### Given records
text \<open>Finite field F_q is a type 'a of class finite field; q = card (UNIV :: 'a set).
  Its algebraic closure is the type 'a alg_closure, with embedding to_ac.\<close>

definition monic_polys :: "nat \<Rightarrow> ('a::{finite,field}) poly set" where
  "monic_polys n = {f. degree f = n \<and> lead_coeff f = 1}"

definition root_tuples :: "nat \<Rightarrow> ('a::{finite,field}) poly \<Rightarrow> (nat \<Rightarrow> 'a alg_closure) set" where
  "root_tuples n f = {z \<in> PiE {..<n} (\<lambda>_. UNIV).
      map_poly to_ac f = (\<Prod>i<n. [:- z i, 1:])}"

definition perm_tuple :: "nat \<Rightarrow> (nat \<Rightarrow> nat) \<Rightarrow> (nat \<Rightarrow> 'b) \<Rightarrow> (nat \<Rightarrow> 'b)" where
  "perm_tuple n \<sigma> z = (\<lambda>j\<in>{..<n}. z (inv_into UNIV \<sigma> j))"

definition delta :: "nat \<Rightarrow> (nat \<Rightarrow> nat) \<Rightarrow> (nat \<Rightarrow> ('a::{finite,field}) alg_closure) \<Rightarrow> real" where
  "delta n \<sigma> z = (if (\<lambda>j\<in>{..<n}. z j ^ card (UNIV :: 'a set)) = perm_tuple n \<sigma> z then 1 else 0)"

definition von_mangoldt_type ::
  "nat \<Rightarrow> (('a::{finite,field}) poly \<Rightarrow> real) \<Rightarrow> ((nat \<Rightarrow> nat) \<Rightarrow> real) \<Rightarrow> bool" where
  "von_mangoldt_type n \<phi> c \<longleftrightarrow>
     (\<forall>f\<in>monic_polys n. \<phi> f =
        (\<Sum>z\<in>root_tuples n f. \<Sum>\<sigma>\<in>{\<sigma>. \<sigma> permutes {..<n}}. c \<sigma> * delta n \<sigma> z))"

end

(*
  Exchanging the order of summation, it suffices to show that for every permutation sigma there
  are exactly q^n tuples z over the algebraic closure with z_j^q = z_(sigma^-1 j), each of them the
  root tuple of exactly one monic f over F_q. Since q is a power of the characteristic, x |-> x^q is
  a ring endomorphism of the closure; it permutes the linear factors of prod_j (x - z_j), so the
  coefficients of this product are fixed by it and therefore lie in F_q. To count the tuples, split
  {..<n} into the cycles of sigma: on a cycle of length L a tuple is determined by one coordinate,
  which can be any root of x^(q^L) - x, and this polynomial has derivative -1, hence q^L distinct
  roots.
*)

theory Submission
  imports Defs "HOL-Combinatorics.Orbits"
begin

section \<open>Finite fields\<close>

definition additively_closed :: "'a::monoid_add set \<Rightarrow> bool" where
  "additively_closed H \<longleftrightarrow> 0 \<in> H \<and> (\<forall>x\<in>H. \<forall>y\<in>H. x + y \<in> H)"

lemma additively_closed_of_nat_mult:
  assumes "additively_closed H" "h \<in> H"
  shows "of_nat k * h \<in> (H :: 'a::ring_1 set)"
  using assms by (induction k) (auto simp: additively_closed_def distrib_right)

lemma additively_closed_cancel_multiple:
  fixes H :: "'a::ring_1 set"
  assumes H: "additively_closed H" and p: "prime CHAR('a)"
    and h: "h1 \<in> H" "h2 \<in> H" and d: "\<not> CHAR('a) dvd d"
    and eq: "h2 = h1 + of_nat d * x"
  shows "x \<in> H"
proof -
  define p where "p = CHAR('a)"
  have "coprime d p"
    using d p unfolding p_def by (metis coprime_commute prime_imp_coprime)
  moreover have "d \<noteq> 0" using d by (metis dvd_0_right)
  ultimately obtain a b where ab: "d * a = p * b + 1"
    using bezout_nat[of d p] by auto
  have "of_nat a * h2 = of_nat a * h1 + of_nat (d * a) * x"
    by (simp add: eq algebra_simps)
  also have "of_nat (d * a) * x = x"
    by (simp add: ab p_def)
  \<comment> \<open>that is, \<open>x = a * (h2 - h1)\<close>, with the negation written additively\<close>
  finally have "x = of_nat a * h2 + of_nat ((p - 1) * a) * h1"
    using p prime_gt_0_nat[OF p] by (simp add: of_nat_diff p_def algebra_simps)
  moreover have "of_nat a * h2 \<in> H" "of_nat ((p - 1) * a) * h1 \<in> H"
    using H h by (simp_all only: additively_closed_of_nat_mult)
  ultimately show ?thesis
    using H by (simp add: additively_closed_def)
qed

lemma of_nat_mod_CHAR: "of_nat (m mod CHAR('a)) = (of_nat m :: 'a::semiring_1)"
proof -
  have "(of_nat m :: 'a) = of_nat (m mod CHAR('a) + CHAR('a) * (m div CHAR('a)))"
    by simp
  also have "\<dots> = of_nat (m mod CHAR('a))"
    by (simp only: of_nat_add of_nat_mult of_nat_CHAR) simp
  finally show ?thesis ..
qed

lemma inj_on_additively_closed_extend:
  fixes H :: "'a::ring_1 set"
  assumes H: "additively_closed H" and p: "prime CHAR('a)" and x: "x \<notin> H"
  shows "inj_on (\<lambda>(h, i). h + of_nat i * x) (H \<times> {..<CHAR('a)})"
proof -
  have same_index: "i1 = i2"
    if "h1 + of_nat i1 * x = h2 + of_nat i2 * x" "i2 \<le> i1" "i1 < CHAR('a)" "h1 \<in> H" "h2 \<in> H"
    for h1 h2 i1 i2
  proof (rule ccontr)
    assume "i1 \<noteq> i2"
    with that(2,3) have "\<not> CHAR('a) dvd (i1 - i2)"
      by (auto dest: dvd_imp_le)
    moreover have "h2 = h1 + of_nat (i1 - i2) * x"
      using that(1,2) by (simp add: of_nat_diff algebra_simps)
    ultimately have "x \<in> H"
      using additively_closed_cancel_multiple[OF H p that(4,5)] by blast
    with x show False ..
  qed
  show ?thesis
  proof (rule inj_onI, clarify)
    fix h1 i1 h2 i2
    assume *: "h1 \<in> H" "i1 < CHAR('a)" "h2 \<in> H" "i2 < CHAR('a)"
      "h1 + of_nat i1 * x = h2 + of_nat i2 * x"
    hence "i1 = i2"
      using same_index[of h1 i1 h2 i2] same_index[of h2 i2 h1 i1] by fastforce
    with * show "h1 = h2 \<and> i1 = i2"
      by simp
  qed
qed

lemma additively_closed_extend:
  fixes H :: "'a::ring_1 set"
  assumes H: "additively_closed H" and p: "prime CHAR('a)" and x: "x \<notin> H"
  defines "H' \<equiv> (\<lambda>(h, i). h + of_nat i * x) ` (H \<times> {..<CHAR('a)})"
  shows "additively_closed H'" "card H' = CHAR('a) * card H" "insert x H \<subseteq> H'"
proof -
  have p2: "CHAR('a) \<ge> 2"
    using p by (rule prime_ge_2_nat)
  show "card H' = CHAR('a) * card H"
    using inj_on_additively_closed_extend[OF H p x]
    by (simp add: H'_def card_image card_cartesian_product)
  have mem_H': "h + of_nat i * x \<in> H'" if "h \<in> H" "i < CHAR('a)" for h i
    unfolding H'_def using that by (intro image_eqI[of _ _ "(h, i)"]) auto
  have "x \<in> H'"
    using mem_H'[of 0 1] H p2 by (simp add: additively_closed_def)
  moreover have "h \<in> H'" if "h \<in> H" for h
    using mem_H'[of h 0] that p2 by simp
  ultimately show "insert x H \<subseteq> H'"
    by blast
  show "additively_closed H'"
    unfolding additively_closed_def
  proof safe
    show "0 \<in> H'"
      using mem_H'[of 0 0] H p2 by (simp add: additively_closed_def)
  next
    fix y z
    assume "y \<in> H'" "z \<in> H'"
    then obtain h1 i1 h2 i2 where *: "h1 \<in> H" "i1 < CHAR('a)" "h2 \<in> H" "i2 < CHAR('a)"
      and yz: "y = h1 + of_nat i1 * x" "z = h2 + of_nat i2 * x"
      unfolding H'_def by auto
    have "(h1 + of_nat i1 * x) + (h2 + of_nat i2 * x)
        = (h1 + h2) + of_nat ((i1 + i2) mod CHAR('a)) * x"
      by (simp add: of_nat_mod_CHAR algebra_simps)
    also have "\<dots> \<in> H'"
      using * H p2 by (intro mem_H') (auto simp: additively_closed_def)
    finally show "y + z \<in> H'"
      unfolding yz .
  qed
qed

lemma card_field_prime_power:
  "\<exists>k. card (UNIV :: 'a::{finite,field} set) = CHAR('a) ^ k"
proof -
  have p: "prime CHAR('a)"
    by (intro prime_CHAR_semidom finite_imp_CHAR_pos) simp
  have power_from_subgroup: "\<exists>k. card (UNIV :: 'a set) = CHAR('a) ^ k"
    if "additively_closed H" "card H = CHAR('a) ^ j" for H :: "'a set" and j
    using that
  proof (induction "card (UNIV - H)" arbitrary: H j rule: less_induct)
    case less
    show ?case
    proof (cases "H = UNIV")
      case True
      with less.prems show ?thesis by auto
    next
      case False
      then obtain x where x: "x \<notin> H" by auto
      define H' where "H' = (\<lambda>(h, i). h + of_nat i * x) ` (H \<times> {..<CHAR('a)})"
      note H' = additively_closed_extend[OF less.prems(1) p x, folded H'_def]
      have "card (UNIV - H') < card (UNIV - H)"
        using H'(3) x by (intro psubset_card_mono) auto
      moreover have "card H' = CHAR('a) ^ Suc j"
        using H'(2) less.prems(2) by simp
      ultimately show ?thesis
        using less.hyps H'(1) by blast
    qed
  qed
  show ?thesis
    by (rule power_from_subgroup[of "{0}" 0]) (simp_all add: additively_closed_def)
qed

lemma two_le_card_UNIV_field: "2 \<le> card (UNIV :: 'a::{finite,field} set)"
proof -
  have "card {0, 1 :: 'a} \<le> card (UNIV :: 'a set)"
    by (rule card_mono) simp_all
  thus ?thesis
    by simp
qed

lemma power_card_eq_self: "x ^ card (UNIV :: 'a set) = (x :: 'a::{finite,field})"
proof (cases "x = 0")
  case False
  define U where "U = UNIV - {0 :: 'a}"
  have "(\<Prod>y\<in>U. x * y) = (\<Prod>y\<in>U. y)"
    by (rule prod.reindex_bij_witness[of _ "\<lambda>y. y / x" "\<lambda>y. x * y"]) (use False in \<open>auto simp: U_def\<close>)
  hence "x ^ card U * \<Prod>U = \<Prod>U"
    by (simp add: prod.distrib)
  moreover have "\<Prod>U \<noteq> 0"
    by (simp add: U_def)
  ultimately have "x ^ card U = 1"
    by simp
  moreover have "card (UNIV :: 'a set) = Suc (card U)"
    unfolding U_def using finite_UNIV_card_ge_0[where 'a='a] by (simp add: card_Diff_singleton)
  ultimately show ?thesis
    by simp
qed (use finite_UNIV_card_ge_0[where 'a='a] in simp)

lemma of_nat_card_eq_0: "of_nat (card (UNIV :: 'a set)) = (0 :: 'a::{finite,ring_1})"
proof -
  have "(\<Sum>y\<in>UNIV. y + 1) = (\<Sum>y\<in>UNIV. y :: 'a)"
    by (rule sum.reindex_bij_witness[of _ "\<lambda>y. y - 1" "\<lambda>y. y + 1"]) auto
  thus ?thesis
    by (simp add: sum.distrib)
qed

### Your assignment
The required answer is the exact run of lines above starting at the line with "by (intro prime_CHAR_semidom" and ending at the line with "(UNIV - H')", with both ends present.

### Result below
    by (intro prime_CHAR_semidom finite_imp_CHAR_pos) simp
  have power_from_subgroup: "\<exists>k. card (UNIV :: 'a set) = CHAR('a) ^ k"
    if "additively_closed H" "card H = CHAR('a) ^ j" for H :: "'a set" and j
    using that
  proof (induction "card (UNIV - H)" arbitrary: H j rule: less_induct)
    case less
    show ?case
    proof (cases "H = UNIV")
      case True
      with less.prems show ?thesis by auto
    next
      case False
      then obtain x where x: "x \<notin> H" by auto
      define H' where "H' = (\<lambda>(h, i). h + of_nat i * x) ` (H \<times> {..<CHAR('a)})"
      note H' = additively_closed_extend[OF less.prems(1) p x, folded H'_def]
      have "card (UNIV - H') < card (UNIV - H)"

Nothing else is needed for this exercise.